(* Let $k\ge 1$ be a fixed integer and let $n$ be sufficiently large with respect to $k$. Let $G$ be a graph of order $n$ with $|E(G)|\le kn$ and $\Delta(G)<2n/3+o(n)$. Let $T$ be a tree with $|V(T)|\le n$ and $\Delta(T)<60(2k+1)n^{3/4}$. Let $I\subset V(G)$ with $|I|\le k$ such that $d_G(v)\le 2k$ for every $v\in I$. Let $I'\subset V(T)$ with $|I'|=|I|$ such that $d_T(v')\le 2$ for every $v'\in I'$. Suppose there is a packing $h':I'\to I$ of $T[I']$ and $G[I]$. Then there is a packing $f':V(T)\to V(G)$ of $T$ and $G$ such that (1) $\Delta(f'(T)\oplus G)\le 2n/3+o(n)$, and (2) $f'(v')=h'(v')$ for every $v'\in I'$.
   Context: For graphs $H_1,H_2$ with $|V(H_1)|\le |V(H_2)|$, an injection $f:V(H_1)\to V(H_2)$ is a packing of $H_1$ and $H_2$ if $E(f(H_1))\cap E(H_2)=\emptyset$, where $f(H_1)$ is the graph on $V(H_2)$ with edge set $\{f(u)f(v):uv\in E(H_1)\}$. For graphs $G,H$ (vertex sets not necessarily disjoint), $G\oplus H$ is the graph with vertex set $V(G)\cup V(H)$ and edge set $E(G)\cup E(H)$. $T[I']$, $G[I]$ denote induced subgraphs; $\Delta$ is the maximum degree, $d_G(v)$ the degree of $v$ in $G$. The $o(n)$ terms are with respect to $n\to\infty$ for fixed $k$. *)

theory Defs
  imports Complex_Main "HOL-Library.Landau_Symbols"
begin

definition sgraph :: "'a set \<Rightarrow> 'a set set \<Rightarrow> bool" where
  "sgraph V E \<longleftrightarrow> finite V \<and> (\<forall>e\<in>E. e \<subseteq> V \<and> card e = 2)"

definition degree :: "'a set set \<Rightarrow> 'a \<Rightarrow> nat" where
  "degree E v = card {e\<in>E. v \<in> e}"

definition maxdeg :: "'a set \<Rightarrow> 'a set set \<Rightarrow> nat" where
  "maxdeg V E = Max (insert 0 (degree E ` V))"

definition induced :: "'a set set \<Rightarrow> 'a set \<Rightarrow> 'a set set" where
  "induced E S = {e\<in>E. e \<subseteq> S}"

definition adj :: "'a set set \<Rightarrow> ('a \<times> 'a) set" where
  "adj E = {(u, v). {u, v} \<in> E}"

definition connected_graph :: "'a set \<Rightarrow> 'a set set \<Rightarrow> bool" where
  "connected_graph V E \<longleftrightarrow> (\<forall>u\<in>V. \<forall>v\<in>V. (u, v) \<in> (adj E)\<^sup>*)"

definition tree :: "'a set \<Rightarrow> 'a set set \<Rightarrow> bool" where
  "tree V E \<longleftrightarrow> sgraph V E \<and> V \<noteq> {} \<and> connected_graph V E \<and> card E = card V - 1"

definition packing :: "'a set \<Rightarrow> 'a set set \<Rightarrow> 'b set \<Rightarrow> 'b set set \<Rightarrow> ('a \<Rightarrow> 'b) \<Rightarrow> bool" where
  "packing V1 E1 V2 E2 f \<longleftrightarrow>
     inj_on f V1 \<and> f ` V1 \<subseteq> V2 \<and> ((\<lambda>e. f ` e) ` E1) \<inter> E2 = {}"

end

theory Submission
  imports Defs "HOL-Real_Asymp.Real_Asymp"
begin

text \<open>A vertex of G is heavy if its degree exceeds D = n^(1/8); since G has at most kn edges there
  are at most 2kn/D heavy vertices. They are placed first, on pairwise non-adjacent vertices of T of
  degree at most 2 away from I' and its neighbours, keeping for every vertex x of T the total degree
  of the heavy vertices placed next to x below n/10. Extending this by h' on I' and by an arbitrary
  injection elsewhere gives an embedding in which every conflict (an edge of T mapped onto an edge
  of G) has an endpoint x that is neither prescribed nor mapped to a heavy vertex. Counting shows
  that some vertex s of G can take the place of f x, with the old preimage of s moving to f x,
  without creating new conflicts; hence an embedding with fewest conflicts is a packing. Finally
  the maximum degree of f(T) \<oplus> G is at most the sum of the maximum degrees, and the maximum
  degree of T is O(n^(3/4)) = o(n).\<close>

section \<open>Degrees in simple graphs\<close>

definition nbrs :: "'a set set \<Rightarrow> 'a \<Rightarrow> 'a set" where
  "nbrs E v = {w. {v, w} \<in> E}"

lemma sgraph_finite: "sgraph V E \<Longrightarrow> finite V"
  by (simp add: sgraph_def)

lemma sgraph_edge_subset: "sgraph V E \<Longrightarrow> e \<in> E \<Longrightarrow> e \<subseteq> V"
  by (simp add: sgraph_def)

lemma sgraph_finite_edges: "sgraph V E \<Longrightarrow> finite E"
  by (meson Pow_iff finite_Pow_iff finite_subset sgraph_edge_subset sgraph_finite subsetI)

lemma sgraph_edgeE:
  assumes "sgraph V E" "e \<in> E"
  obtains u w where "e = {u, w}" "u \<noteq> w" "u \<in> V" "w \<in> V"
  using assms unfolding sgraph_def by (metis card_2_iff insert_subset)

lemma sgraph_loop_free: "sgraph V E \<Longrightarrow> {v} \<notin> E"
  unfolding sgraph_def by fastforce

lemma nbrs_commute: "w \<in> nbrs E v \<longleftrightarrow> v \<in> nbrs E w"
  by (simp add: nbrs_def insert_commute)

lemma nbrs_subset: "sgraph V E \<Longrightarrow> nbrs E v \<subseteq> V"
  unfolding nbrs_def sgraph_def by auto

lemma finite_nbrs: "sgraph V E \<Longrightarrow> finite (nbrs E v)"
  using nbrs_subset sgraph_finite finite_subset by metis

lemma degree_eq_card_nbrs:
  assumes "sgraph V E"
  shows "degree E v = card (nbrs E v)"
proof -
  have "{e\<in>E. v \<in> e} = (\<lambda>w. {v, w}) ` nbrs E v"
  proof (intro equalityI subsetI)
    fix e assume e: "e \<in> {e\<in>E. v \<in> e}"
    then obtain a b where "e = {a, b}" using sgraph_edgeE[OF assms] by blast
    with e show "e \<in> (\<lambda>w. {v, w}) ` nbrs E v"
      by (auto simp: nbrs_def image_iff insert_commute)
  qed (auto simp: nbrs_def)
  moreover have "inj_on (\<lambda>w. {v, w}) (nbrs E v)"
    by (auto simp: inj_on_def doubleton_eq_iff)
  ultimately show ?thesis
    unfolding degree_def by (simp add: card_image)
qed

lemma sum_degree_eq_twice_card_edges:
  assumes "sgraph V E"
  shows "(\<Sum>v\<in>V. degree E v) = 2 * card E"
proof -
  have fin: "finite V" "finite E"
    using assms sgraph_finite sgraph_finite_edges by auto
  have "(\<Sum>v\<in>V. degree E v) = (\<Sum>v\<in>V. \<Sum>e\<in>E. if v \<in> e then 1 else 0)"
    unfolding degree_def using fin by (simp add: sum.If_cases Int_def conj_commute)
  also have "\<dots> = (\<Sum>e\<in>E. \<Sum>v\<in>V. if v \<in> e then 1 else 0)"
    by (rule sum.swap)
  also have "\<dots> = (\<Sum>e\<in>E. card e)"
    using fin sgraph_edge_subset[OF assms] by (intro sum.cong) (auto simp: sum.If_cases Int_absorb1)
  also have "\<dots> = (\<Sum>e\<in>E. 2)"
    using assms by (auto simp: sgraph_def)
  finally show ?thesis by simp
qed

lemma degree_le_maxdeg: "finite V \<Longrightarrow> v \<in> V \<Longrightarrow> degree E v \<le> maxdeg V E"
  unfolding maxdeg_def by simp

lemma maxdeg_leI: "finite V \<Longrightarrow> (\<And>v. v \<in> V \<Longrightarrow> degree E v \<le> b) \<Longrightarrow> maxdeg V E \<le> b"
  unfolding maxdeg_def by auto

* * *

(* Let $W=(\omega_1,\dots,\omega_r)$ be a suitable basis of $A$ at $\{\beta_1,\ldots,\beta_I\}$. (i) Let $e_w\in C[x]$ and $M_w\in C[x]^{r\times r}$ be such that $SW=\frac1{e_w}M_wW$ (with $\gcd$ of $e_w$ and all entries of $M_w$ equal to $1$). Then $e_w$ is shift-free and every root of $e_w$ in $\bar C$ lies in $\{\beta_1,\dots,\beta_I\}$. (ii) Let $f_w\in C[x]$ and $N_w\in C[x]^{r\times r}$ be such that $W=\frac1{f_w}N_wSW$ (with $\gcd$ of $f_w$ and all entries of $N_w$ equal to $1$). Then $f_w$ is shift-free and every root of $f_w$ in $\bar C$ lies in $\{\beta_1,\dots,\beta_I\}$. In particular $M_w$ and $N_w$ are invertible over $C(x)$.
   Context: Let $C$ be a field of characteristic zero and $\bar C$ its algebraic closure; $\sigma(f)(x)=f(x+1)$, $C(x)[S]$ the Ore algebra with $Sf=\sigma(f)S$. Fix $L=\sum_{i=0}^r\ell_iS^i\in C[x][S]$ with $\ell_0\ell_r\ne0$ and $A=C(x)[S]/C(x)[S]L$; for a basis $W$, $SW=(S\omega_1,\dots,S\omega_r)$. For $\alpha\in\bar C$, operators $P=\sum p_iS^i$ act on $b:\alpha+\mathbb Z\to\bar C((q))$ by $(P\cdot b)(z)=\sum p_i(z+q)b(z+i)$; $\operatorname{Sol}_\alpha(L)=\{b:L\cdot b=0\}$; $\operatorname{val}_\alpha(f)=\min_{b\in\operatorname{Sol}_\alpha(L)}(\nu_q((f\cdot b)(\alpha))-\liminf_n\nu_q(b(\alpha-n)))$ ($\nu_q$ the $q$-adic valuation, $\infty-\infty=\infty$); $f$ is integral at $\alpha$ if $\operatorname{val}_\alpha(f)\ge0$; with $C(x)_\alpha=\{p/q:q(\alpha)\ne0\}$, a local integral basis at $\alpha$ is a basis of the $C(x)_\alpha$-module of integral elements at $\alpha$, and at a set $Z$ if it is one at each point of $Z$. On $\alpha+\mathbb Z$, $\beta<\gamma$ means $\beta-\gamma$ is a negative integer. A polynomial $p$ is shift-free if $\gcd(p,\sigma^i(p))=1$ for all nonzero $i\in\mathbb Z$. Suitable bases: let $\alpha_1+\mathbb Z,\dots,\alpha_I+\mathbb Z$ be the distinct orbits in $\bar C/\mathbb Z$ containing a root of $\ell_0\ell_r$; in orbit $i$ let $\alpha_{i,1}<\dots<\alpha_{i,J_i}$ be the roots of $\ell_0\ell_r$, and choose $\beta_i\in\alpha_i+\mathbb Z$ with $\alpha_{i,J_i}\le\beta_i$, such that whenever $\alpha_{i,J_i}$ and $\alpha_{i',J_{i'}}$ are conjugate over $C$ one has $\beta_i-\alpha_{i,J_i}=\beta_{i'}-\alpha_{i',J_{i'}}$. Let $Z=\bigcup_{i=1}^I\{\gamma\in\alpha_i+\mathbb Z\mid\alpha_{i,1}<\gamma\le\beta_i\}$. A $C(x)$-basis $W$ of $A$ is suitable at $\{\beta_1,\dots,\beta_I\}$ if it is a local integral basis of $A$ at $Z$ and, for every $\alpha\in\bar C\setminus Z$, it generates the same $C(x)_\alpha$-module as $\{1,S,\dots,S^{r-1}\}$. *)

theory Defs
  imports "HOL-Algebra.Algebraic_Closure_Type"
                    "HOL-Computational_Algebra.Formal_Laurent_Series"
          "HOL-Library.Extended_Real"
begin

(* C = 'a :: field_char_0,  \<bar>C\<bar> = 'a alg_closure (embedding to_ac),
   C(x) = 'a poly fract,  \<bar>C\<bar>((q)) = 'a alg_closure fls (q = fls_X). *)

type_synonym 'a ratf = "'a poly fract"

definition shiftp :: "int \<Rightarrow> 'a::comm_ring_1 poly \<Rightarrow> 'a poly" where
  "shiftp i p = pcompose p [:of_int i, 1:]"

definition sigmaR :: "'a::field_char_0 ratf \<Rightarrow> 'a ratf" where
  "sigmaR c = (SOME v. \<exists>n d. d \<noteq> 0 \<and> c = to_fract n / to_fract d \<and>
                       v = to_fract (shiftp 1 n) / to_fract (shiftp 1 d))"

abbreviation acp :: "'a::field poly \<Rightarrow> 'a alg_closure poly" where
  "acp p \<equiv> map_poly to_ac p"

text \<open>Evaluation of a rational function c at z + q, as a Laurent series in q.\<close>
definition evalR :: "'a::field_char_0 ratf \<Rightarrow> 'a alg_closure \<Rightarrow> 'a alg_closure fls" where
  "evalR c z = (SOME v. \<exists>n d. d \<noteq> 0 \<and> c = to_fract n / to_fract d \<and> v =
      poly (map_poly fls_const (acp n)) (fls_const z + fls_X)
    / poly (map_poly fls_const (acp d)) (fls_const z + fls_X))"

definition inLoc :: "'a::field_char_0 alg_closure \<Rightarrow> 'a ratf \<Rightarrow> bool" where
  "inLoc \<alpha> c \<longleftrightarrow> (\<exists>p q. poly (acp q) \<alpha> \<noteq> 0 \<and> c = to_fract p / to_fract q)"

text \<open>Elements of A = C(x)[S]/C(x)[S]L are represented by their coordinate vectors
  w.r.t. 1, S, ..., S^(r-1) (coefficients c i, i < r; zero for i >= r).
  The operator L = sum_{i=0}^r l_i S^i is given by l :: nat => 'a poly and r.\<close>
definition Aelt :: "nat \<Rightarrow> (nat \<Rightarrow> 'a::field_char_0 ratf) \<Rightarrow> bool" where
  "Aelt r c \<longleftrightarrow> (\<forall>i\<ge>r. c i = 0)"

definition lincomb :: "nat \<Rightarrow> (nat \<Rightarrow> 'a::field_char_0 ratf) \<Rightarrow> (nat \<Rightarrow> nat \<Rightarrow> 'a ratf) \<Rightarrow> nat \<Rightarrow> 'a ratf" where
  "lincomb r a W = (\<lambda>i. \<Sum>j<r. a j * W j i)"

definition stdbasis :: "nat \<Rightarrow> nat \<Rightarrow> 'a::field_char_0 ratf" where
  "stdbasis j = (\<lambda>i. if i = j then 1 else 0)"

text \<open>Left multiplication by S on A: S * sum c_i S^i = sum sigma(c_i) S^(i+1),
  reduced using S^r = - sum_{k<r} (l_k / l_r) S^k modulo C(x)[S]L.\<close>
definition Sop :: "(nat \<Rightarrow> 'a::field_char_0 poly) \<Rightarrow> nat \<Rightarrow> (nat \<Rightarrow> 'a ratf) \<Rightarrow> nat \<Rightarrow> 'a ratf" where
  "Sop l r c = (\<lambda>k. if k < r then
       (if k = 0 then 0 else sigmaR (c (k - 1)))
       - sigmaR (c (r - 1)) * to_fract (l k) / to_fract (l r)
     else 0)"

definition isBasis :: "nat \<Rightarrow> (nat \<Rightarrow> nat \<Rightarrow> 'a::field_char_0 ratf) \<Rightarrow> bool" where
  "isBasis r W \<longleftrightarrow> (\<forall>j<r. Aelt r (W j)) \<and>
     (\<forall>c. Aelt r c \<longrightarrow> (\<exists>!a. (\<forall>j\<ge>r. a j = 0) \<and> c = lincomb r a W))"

--

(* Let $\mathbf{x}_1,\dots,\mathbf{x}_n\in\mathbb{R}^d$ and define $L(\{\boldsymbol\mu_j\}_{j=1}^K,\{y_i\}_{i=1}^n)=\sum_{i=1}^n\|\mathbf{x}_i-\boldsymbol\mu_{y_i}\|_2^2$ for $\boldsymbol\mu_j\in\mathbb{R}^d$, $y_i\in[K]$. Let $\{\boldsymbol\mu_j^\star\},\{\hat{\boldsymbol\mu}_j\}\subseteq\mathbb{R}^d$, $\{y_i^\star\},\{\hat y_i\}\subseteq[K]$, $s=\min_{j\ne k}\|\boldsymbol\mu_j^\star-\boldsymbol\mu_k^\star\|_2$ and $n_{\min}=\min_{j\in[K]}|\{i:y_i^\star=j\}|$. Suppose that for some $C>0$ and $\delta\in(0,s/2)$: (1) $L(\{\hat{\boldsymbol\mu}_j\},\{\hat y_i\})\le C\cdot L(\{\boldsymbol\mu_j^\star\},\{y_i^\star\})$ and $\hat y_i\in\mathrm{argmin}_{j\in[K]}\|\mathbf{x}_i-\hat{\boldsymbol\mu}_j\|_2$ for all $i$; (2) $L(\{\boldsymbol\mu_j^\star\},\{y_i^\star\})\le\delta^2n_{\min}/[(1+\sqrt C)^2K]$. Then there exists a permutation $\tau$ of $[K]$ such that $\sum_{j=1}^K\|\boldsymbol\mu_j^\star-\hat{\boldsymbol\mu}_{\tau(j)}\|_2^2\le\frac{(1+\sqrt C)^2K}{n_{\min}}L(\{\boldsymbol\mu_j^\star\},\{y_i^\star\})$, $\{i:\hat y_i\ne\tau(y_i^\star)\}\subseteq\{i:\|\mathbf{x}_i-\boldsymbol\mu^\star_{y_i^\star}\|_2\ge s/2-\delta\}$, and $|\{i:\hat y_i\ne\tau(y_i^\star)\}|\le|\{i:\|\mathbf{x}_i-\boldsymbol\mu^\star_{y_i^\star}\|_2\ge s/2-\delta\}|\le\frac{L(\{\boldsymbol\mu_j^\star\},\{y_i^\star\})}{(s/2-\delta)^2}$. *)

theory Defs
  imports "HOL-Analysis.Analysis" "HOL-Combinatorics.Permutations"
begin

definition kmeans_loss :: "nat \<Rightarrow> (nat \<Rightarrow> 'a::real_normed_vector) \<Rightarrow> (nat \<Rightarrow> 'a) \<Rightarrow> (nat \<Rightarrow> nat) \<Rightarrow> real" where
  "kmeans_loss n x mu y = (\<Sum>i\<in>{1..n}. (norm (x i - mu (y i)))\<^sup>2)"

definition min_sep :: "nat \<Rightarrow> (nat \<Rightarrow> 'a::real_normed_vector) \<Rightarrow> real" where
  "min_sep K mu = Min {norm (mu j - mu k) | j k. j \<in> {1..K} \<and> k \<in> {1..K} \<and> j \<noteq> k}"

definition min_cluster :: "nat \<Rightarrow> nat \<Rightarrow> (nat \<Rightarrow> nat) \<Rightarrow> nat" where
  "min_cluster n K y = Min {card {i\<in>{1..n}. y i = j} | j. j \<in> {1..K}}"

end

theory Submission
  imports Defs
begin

- [Work item]
Above are the records. Copy the lines beginning at the one that has "poly) \<Rightarrow> nat" and ending with the one that has "(\<forall>c. Aelt r", unchanged.

- [Solution to the problem]
definition Sop :: "(nat \<Rightarrow> 'a::field_char_0 poly) \<Rightarrow> nat \<Rightarrow> (nat \<Rightarrow> 'a ratf) \<Rightarrow> nat \<Rightarrow> 'a ratf" where
  "Sop l r c = (\<lambda>k. if k < r then
       (if k = 0 then 0 else sigmaR (c (k - 1)))
       - sigmaR (c (r - 1)) * to_fract (l k) / to_fract (l r)
     else 0)"

definition isBasis :: "nat \<Rightarrow> (nat \<Rightarrow> nat \<Rightarrow> 'a::field_char_0 ratf) \<Rightarrow> bool" where
  "isBasis r W \<longleftrightarrow> (\<forall>j<r. Aelt r (W j)) \<and>
     (\<forall>c. Aelt r c \<longrightarrow> (\<exists>!a. (\<forall>j\<ge>r. a j = 0) \<and> c = lincomb r a W))"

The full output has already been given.